Immunity To Tumours
The second article of the day, the introduction is to this four page article is below. If this is what you were looking for please view the full article for free at www.jameswatts.co.uk. The full article includes treatments, specific cell responses and the immune mechanisms.
A tumour is a swelling of part of the body caused by abnormal cell growth, this occurs when the normal cell division process becomes unregulated and cells proliferate uncontrolled. This results in cloned cells of the original defective cell, leading to a neoplasm – a new growth of tissue in the body that is abnormal. A tumour at a single site is known as a benign tumour, it becomes malignant (very virulent or infections and prone to reoccurrence after removal) when the tumour cells spreads to further sites within the body and begins to proliferate at these sites. Secondary malignant growths distant from the primary growth are known as metastases.

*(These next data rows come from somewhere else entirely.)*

lemma E_RMC_selection_pos_iff:
  assumes weight: "0 < death_weight w"
  shows "0 < E_RMC p \<nu> (\<lambda>x. births w x - deaths w x) \<longleftrightarrow> \<nu> < pi_0 UNIV"
proof -
  have E_RMC_eq: "E_RMC p \<nu> (\<lambda>x. births w x - deaths w x)
      = (\<Sum>x\<in>polymorphic. pi_RMC p \<nu> x * (births w x - deaths w x))"
    by (simp add: E_RMC_def polymorphic_def)
  show ?thesis
  proof (cases "(polymorphic :: 'g set set) = {}")
    case True
    have "eventually (\<lambda>u. mutation_flux w u = 0) (at_right 0)"
      using eventually_at_right_0_le_1 by eventually_elim (use mutation_flux_eq_polymorphic True in auto)
    then have "((\<lambda>u. 0) \<longlongrightarrow> death_weight w * (pi_0 UNIV - \<nu>)) (at_right (0::real))"
      by (rule Lim_transform_eventually[OF mutation_flux_tendsto])
    then have "death_weight w * (pi_0 UNIV - \<nu>) = 0"
      using tendsto_unique[OF trivial_limit_at_right_real tendsto_const] by fastforce
    then show ?thesis using weight True E_RMC_eq by simp
  next
    case False
    define R where "R u = (\<Sum>x\<in>polymorphic. pi_u u x / (\<Sum>y\<in>polymorphic. pi_u u y) * (births w x - deaths w x))"
      for u
    have R_tendsto: "(R \<longlongrightarrow> E_RMC p \<nu> (\<lambda>x. births w x - deaths w x)) (at_right 0)"
      unfolding R_def[abs_def] E_RMC_eq by (intro tendsto_intros pi_RMC_tendsto[OF False])
    have R_eq: "eventually (\<lambda>u. R u = mutation_flux w u * (u / (\<Sum>y\<in>polymorphic. pi_u u y))) (at_right 0)"
      using eventually_at_right_0_le_1
    proof eventually_elim
      case (elim u)
      have "R u = (\<Sum>x\<in>polymorphic. pi_u u x * (births w x - deaths w x)) / (\<Sum>y\<in>polymorphic. pi_u u y)"
        by (simp add: R_def sum_divide_distrib)
      also have "\<dots> = u * mutation_flux w u / (\<Sum>y\<in>polymorphic. pi_u u y)"
        using mutation_flux_eq_polymorphic[of u] elim by simp
      finally show ?case by simp
    qed
    obtain a b where "0 < a" and bounds:
      "eventually (\<lambda>u. a \<le> u / (\<Sum>x\<in>polymorphic. pi_u u x) \<and> u / (\<Sum>x\<in>polymorphic. pi_u u x) \<le> b) (at_right 0)"
      using polymorphic_mass_order_u[OF False] by blast
    have "0 < E_RMC p \<nu> (\<lambda>x. births w x - deaths w x) \<longleftrightarrow> 0 < death_weight w * (pi_0 UNIV - \<nu>)"
      by (rule pos_iff_of_tendsto_eventually_mult[OF R_tendsto mutation_flux_tendsto R_eq bounds \<open>0 < a\<close>])
    then show ?thesis using weight by (simp add: zero_less_mult_iff)
  qed
qed

lemma E_MSS_freqA_0: "E_MSS p \<nu> freqA 0 = pi_0 UNIV"
  by (simp add: E_MSS_0_eq freqA_def)

text \<open>The ancestral lineage steps from a site to the site whose offspring replaces it.
  The reproductive value equations say exactly that \<open>g \<mapsto> d\<^sub>g v\<^sub>g\<close> is invariant for it.\<close>

definition lineage :: "'g \<Rightarrow> 'g \<Rightarrow> real" where
  "lineage h g = e_rate p g h {} / d_rate p h {}"

lemma stochastic_lineage: "stochastic lineage"
proof -
  have "(\<Sum>g\<in>UNIV. lineage h g) = 1" for h
    using d_rate_pos[of h "{}"] by (simp add: lineage_def d_rate_def sum_divide_distrib[symmetric])
  then show ?thesis
    using e_rate_nonneg d_rate_nonneg by (simp add: stochastic_def lineage_def)
qed

lemma lineage_reaches_ancestor:
  assumes "\<forall>e\<in>set l. e \<in> events \<and> 0 < p {} e"
  shows "(h, foldr (\<circ>) (map snd l) id h) \<in> (positive_steps lineage)\<^sup>*"
  using assms
proof (induction l)
  case (Cons e l)
  let ?h = "foldr (\<circ>) (map snd l) id h"
  have e: "e \<in> events" "0 < p {} e" using Cons.prems by auto
  have step: "(?h, snd e ?h) \<in> (positive_steps lineage)\<^sup>*"
  proof (cases "?h \<in> fst e")
    case True
    have "p {} e \<le> e_rate p (snd e ?h) ?h {}"
      unfolding e_rate_def using e True by (intro member_le_sum) (auto intro: p_nonneg)
    then have "0 < lineage ?h (snd e ?h)" using e d_rate_pos by (simp add: lineage_def)
    then show ?thesis by (simp add: positive_steps_def r_into_rtrancl)
  qed (simp add: event_fixes_outside[OF e(1)])
  have "(h, ?h) \<in> (positive_steps lineage)\<^sup>*" by (rule Cons.IH) (use Cons.prems in auto)
  moreover have "foldr (\<circ>) (map snd (e # l)) id h = snd e ?h" by simp
  ultimately show ?case using step by (metis rtrancl_trans)
qed simp

lemma reachable_lineage_g0: "(h, g0) \<in> (positive_steps lineage)\<^sup>*"
  using lineage_reaches_ancestor[of es h] fixation_events fixation_lineage by auto

definition repro_equations :: "('g \<Rightarrow> real) \<Rightarrow> bool" where
  "repro_equations v \<longleftrightarrow> (\<forall>g. d_rate p g {} * v g = (\<Sum>h\<in>UNIV. e_rate p g h {} * v h))
      \<and> (\<Sum>g\<in>UNIV. v g) = real CARD('g)"

lemma invariant_lineage_iff: "invariant lineage (\<lambda>g. d_rate p g {} * v g)
    \<longleftrightarrow> (\<forall>g. d_rate p g {} * v g = (\<Sum>h\<in>UNIV. e_rate p g h {} * v h))"
proof -
  have term_eq: "d_rate p h {} * v h * lineage h g = e_rate p g h {} * v h" for g h
    using d_rate_pos[of h "{}"] by (simp add: lineage_def)
  have "(\<Sum>h\<in>UNIV. d_rate p h {} * v h * lineage h g) = (\<Sum>h\<in>UNIV. e_rate p g h {} * v h)" for g
    by (rule sum.cong[OF refl term_eq])
  then show ?thesis unfolding invariant_def by metis
qed

definition lineage_stationary :: "'g \<Rightarrow> real" where
  "lineage_stationary = (THE \<pi>. prob_vector \<pi> \<and> invariant lineage \<pi>)"

lemma lineage_stationary: "prob_vector lineage_stationary" "invariant lineage lineage_stationary"
proof -
  have "\<exists>!\<pi>. prob_vector \<pi> \<and> invariant lineage \<pi>"
    using stationary_unique[OF stochastic_lineage] reachable_lineage_g0 by blast
  then have "prob_vector lineage_stationary \<and> invariant lineage lineage_stationary"
    unfolding lineage_stationary_def by (rule theI')
  then show "prob_vector lineage_stationary" "invariant lineage lineage_stationary" by auto
qed

lemma sum_lineage_stationary_div_pos: "0 < (\<Sum>g\<in>UNIV. lineage_stationary g / d_rate p g {})"
proof -
  have nonneg: "\<forall>g. 0 \<le> lineage_stationary g" and "(\<Sum>g\<in>UNIV. lineage_stationary g) = 1"
    using lineage_stationary(1) by (auto simp: prob_vector_def)
  then obtain g where "0 < lineage_stationary g"
    using sum_nonpos[of UNIV lineage_stationary] by (force simp: not_less)
  then have "0 < lineage_stationary g / d_rate p g {}" using d_rate_pos by simp
  moreover have "lineage_stationary g / d_rate p g {} \<le> (\<Sum>h\<in>UNIV. lineage_stationary h / d_rate p h {})"
    using nonneg d_rate_nonneg by (intro member_le_sum) auto
  ultimately show ?thesis by linarith
qed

Not all tumours are cancerous, cancerous cells are damaged cells of the patients body that do not undergo apoptosis (programmed cell death), this means that their growth is no longer controlled and metabolism of the cells are altered.
Malignant tumours are named according to the tissue of origin:
- Carcinoma – Arising in the epithelial tissue of skin or internal organs
- Sarcoma – Arising in connective tissue or other non-epithelial tissue (mesenchymal cells)
- Leukaemia – Arising in haematopoietic cells or blood forming organs such as bone marrow to produce abnormal leukocytes, these also suppress the production of normal blood cells
- Germ Cell Tumours – Arising in reproductive tissues
- Blastoma – Arising in embryonic tissues
- Lymphoma – Arising in the lymph nodes
An early stage malignant tumour is called a premalignant tumour; premalignant tumours and benign tumours can often be treated with surgery alone. With malignant tumours this become much more difficult and other methods must be used in conjunction.